Segment Start: RECORD SET
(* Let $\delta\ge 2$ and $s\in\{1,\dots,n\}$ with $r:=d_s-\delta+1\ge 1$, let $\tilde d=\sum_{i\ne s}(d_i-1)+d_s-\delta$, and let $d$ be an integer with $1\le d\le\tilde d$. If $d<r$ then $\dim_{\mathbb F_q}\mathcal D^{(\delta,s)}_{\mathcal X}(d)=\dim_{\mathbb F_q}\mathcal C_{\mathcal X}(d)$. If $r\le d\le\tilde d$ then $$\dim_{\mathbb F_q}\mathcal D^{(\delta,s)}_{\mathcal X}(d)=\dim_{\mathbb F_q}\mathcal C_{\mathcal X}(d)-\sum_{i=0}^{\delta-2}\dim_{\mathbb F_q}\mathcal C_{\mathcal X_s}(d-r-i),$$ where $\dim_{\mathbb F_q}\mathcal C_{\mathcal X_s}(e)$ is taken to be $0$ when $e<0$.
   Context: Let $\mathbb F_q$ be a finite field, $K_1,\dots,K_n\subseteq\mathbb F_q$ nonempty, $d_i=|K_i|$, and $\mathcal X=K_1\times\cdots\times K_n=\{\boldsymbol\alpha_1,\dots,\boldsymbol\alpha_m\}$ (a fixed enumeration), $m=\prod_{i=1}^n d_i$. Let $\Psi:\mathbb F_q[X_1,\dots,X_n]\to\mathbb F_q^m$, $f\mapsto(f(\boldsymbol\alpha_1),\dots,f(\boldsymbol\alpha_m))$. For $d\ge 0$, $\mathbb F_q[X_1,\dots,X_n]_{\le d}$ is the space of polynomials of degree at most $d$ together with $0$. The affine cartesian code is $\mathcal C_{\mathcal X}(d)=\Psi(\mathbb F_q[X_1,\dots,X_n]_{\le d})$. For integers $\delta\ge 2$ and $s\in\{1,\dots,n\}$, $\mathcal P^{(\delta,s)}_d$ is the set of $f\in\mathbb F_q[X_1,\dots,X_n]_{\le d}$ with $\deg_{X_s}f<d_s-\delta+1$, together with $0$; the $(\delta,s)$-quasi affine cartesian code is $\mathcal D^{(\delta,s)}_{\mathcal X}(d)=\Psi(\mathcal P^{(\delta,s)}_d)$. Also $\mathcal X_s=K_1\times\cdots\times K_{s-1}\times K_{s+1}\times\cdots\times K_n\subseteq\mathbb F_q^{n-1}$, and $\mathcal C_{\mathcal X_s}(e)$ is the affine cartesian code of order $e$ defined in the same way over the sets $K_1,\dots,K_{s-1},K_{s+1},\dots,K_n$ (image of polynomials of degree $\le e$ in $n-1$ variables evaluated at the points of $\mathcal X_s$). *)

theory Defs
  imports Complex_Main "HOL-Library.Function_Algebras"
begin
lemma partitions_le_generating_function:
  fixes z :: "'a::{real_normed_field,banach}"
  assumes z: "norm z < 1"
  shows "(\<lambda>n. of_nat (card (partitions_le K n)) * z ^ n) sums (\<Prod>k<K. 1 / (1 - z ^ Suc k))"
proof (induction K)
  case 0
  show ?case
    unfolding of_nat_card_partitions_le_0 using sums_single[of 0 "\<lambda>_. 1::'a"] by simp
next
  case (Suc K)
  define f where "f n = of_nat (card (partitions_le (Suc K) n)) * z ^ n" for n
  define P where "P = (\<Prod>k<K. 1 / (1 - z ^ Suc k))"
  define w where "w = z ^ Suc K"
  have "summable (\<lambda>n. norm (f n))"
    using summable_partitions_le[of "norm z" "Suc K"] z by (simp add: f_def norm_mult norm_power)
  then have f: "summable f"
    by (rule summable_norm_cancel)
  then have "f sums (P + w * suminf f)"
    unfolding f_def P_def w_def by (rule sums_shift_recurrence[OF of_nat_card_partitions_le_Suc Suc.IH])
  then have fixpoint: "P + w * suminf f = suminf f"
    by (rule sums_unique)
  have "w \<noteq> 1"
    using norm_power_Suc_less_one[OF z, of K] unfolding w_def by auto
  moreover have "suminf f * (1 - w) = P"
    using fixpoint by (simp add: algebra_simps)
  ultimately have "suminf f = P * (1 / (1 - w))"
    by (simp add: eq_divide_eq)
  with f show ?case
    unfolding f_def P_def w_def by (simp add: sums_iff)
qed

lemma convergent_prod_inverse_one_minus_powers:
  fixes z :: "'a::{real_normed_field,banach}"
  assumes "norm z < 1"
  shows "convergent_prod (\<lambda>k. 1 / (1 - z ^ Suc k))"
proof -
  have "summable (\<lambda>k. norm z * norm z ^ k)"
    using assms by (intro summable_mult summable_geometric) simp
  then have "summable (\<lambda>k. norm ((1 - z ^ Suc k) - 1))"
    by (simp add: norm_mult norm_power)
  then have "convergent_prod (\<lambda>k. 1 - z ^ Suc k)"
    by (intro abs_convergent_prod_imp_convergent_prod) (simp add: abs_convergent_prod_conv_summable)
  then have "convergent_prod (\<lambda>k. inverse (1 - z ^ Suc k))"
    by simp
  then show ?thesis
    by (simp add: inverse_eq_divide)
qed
Segment End: RECORD SET
Segment Start: RECORD SET
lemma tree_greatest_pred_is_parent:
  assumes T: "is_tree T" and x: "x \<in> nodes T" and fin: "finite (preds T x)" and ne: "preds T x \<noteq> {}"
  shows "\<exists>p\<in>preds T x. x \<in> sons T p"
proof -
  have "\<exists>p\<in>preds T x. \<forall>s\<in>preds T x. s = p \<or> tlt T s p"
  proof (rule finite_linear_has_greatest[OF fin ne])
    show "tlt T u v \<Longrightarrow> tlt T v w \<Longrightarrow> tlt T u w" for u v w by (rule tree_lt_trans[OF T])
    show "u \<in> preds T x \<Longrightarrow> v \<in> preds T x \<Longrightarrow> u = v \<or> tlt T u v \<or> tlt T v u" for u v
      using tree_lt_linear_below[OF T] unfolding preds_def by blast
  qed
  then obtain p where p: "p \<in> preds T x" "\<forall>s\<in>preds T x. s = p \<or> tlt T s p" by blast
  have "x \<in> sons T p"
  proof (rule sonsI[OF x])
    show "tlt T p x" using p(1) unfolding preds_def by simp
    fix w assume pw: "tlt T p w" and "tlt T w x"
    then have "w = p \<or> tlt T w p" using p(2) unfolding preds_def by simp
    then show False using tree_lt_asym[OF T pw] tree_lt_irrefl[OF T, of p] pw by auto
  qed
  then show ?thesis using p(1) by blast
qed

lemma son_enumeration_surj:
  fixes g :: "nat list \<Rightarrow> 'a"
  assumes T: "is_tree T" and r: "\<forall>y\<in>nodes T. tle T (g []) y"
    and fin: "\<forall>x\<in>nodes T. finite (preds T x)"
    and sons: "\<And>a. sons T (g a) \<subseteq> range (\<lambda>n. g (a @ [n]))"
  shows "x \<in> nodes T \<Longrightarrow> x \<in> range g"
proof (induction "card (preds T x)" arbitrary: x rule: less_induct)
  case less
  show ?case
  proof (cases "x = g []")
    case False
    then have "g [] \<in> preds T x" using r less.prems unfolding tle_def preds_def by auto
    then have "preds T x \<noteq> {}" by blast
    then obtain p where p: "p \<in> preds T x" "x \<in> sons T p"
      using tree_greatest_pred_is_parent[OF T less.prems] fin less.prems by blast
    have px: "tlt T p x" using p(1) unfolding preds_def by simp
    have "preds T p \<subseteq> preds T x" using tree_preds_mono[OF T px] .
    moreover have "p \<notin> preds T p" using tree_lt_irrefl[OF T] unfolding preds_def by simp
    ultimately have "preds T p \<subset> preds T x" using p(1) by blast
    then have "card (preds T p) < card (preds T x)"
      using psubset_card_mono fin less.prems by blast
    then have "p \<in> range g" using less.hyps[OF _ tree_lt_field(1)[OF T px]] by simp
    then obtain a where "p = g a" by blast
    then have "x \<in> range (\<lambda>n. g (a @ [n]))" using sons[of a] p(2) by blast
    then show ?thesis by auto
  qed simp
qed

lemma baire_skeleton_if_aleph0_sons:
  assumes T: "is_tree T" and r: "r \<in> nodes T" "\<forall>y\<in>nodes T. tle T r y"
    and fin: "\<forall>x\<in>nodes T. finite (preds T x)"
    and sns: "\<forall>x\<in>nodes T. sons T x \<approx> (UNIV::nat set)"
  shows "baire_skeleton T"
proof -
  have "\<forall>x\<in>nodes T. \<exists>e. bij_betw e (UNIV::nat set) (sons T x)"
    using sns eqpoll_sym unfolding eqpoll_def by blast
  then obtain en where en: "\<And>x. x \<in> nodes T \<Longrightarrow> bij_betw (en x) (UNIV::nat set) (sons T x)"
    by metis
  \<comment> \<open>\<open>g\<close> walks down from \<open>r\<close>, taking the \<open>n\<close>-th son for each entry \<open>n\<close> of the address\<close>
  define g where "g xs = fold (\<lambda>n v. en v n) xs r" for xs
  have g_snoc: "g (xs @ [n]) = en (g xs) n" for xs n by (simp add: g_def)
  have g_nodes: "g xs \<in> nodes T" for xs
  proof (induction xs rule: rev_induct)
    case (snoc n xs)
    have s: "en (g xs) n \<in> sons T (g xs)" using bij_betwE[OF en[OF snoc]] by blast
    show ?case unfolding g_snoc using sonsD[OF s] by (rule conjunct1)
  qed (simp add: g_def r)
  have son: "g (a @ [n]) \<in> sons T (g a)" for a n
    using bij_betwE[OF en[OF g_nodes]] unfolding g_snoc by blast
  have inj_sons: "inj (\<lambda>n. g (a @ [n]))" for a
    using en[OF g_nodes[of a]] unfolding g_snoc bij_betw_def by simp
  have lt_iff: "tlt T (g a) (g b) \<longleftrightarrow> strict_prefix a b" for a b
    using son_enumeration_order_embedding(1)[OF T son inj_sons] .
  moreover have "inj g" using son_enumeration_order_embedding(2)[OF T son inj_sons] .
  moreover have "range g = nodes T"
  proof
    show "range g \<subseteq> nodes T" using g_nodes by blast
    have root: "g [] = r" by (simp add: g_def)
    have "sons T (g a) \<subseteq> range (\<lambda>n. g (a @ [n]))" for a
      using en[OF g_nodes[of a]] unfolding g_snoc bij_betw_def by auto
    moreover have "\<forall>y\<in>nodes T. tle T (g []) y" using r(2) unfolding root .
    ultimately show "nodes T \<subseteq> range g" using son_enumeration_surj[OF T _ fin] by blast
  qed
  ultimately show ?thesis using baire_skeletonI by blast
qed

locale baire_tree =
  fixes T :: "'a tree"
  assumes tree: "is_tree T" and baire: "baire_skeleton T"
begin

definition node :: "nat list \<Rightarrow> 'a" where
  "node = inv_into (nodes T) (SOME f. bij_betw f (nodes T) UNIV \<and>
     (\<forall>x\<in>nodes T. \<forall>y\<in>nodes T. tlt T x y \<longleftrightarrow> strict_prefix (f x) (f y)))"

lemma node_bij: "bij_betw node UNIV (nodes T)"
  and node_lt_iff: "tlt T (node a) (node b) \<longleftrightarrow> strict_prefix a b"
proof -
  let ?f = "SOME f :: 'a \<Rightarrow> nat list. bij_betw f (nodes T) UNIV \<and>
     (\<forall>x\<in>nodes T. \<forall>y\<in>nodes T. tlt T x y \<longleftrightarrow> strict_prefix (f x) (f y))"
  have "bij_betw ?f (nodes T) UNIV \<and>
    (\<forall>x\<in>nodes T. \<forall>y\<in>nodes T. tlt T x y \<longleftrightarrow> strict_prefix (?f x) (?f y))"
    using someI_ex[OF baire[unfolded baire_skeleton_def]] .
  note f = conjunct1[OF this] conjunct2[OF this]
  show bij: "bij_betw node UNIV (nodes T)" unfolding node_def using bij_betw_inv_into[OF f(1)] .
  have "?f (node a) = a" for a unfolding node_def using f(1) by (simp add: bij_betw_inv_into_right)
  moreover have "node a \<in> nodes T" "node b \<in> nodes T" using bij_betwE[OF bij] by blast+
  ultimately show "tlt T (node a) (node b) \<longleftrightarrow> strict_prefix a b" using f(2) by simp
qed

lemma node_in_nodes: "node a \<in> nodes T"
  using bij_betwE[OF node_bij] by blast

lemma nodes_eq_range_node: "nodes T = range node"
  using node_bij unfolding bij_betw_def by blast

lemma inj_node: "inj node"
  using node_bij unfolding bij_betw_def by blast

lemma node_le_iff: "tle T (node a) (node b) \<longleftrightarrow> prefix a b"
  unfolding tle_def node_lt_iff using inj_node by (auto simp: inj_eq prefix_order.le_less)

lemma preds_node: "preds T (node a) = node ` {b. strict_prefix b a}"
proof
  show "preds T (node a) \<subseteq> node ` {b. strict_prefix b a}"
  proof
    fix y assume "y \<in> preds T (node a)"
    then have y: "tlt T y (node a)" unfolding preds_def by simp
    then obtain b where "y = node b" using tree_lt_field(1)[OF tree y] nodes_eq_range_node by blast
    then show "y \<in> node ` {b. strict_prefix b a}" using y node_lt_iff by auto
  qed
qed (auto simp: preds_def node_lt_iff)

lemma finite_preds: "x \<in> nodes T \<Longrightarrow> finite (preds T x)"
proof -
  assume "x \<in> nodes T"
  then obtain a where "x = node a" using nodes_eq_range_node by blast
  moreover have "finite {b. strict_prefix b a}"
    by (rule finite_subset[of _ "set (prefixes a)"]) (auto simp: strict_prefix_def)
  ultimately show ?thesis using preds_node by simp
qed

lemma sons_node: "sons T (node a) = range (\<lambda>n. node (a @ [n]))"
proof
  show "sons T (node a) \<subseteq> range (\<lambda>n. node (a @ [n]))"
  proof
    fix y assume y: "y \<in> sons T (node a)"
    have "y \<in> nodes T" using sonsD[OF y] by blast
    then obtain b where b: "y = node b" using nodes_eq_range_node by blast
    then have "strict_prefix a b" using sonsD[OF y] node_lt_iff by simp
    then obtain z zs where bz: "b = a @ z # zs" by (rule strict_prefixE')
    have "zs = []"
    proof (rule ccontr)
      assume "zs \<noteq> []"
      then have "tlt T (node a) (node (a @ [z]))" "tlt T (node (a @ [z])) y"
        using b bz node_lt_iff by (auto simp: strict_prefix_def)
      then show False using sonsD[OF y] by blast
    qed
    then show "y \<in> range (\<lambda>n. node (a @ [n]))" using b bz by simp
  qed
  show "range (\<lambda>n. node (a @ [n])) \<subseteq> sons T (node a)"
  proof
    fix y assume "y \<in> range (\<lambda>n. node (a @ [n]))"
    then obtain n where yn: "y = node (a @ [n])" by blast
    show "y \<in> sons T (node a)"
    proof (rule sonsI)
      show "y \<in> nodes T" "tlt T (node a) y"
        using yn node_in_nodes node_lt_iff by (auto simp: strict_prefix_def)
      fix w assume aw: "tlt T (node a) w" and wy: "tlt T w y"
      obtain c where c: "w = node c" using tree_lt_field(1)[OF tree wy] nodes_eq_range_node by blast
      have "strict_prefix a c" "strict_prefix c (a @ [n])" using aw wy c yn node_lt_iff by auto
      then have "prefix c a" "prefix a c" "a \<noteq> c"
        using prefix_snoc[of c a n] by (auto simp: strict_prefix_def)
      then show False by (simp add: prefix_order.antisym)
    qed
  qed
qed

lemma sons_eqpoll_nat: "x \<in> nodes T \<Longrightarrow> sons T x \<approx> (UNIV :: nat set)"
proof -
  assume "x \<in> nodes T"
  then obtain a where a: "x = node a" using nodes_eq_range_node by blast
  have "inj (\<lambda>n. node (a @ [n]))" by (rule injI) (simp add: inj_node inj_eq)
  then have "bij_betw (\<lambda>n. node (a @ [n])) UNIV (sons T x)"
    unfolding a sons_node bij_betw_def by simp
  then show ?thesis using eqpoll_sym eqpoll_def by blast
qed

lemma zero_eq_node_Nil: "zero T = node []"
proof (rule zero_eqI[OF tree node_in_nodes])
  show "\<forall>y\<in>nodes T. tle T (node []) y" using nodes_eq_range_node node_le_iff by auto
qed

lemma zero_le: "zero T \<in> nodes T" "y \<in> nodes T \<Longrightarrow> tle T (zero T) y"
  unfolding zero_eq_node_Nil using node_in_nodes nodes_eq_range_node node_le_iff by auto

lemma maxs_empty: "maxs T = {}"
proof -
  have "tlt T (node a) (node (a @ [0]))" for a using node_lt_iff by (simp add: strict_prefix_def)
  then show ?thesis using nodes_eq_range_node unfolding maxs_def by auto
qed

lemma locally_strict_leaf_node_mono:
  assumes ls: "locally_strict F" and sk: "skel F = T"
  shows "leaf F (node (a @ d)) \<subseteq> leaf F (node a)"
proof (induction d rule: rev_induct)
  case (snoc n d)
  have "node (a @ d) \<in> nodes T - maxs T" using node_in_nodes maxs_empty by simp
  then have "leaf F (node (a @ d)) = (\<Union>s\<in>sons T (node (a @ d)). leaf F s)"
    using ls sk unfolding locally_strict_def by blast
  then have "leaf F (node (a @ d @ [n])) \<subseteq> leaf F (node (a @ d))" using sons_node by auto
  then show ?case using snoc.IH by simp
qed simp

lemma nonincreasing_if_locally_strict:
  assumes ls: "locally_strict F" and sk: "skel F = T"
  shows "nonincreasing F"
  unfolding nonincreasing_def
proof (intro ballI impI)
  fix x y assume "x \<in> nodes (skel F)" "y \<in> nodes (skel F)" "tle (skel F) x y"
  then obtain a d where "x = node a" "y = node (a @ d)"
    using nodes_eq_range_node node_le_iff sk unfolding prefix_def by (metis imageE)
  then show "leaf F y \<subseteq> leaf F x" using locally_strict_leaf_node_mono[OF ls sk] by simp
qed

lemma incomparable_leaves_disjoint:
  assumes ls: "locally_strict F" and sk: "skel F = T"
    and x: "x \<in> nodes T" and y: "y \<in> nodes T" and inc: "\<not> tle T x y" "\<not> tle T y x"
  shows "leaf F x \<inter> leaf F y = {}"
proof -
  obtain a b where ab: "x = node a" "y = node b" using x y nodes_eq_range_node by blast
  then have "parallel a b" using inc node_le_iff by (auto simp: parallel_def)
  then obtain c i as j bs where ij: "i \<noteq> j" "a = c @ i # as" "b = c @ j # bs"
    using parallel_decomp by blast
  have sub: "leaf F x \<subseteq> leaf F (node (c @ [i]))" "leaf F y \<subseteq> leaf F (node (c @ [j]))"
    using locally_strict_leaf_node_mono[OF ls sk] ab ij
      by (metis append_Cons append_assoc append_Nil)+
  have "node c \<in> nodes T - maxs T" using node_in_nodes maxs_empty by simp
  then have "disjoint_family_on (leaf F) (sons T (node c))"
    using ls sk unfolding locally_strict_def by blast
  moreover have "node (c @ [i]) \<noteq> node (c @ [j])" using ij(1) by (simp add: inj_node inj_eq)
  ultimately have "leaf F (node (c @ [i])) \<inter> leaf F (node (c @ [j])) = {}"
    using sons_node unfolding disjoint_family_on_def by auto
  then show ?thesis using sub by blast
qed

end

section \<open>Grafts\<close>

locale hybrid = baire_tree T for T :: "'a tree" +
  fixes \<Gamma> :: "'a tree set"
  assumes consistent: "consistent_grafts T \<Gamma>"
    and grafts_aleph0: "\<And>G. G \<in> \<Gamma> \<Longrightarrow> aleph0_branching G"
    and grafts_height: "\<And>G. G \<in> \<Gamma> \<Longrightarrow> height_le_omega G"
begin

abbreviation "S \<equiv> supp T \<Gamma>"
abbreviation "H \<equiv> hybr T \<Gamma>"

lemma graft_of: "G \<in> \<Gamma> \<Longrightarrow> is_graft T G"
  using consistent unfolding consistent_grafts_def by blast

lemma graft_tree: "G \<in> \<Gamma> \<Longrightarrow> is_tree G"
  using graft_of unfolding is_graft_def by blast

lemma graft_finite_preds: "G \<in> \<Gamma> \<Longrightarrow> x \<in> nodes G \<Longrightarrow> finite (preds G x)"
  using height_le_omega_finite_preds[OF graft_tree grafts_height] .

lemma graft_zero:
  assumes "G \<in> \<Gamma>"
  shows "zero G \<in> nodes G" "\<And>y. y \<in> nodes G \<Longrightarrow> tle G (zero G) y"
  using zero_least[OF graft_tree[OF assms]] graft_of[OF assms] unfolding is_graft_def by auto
Segment End: RECORD SET
* _PROBLEM TO WORK ON_
Only the number is wanted: how many lines in the preceding entries hold the string "assms"?

* _THE COMPLETED TASK_
2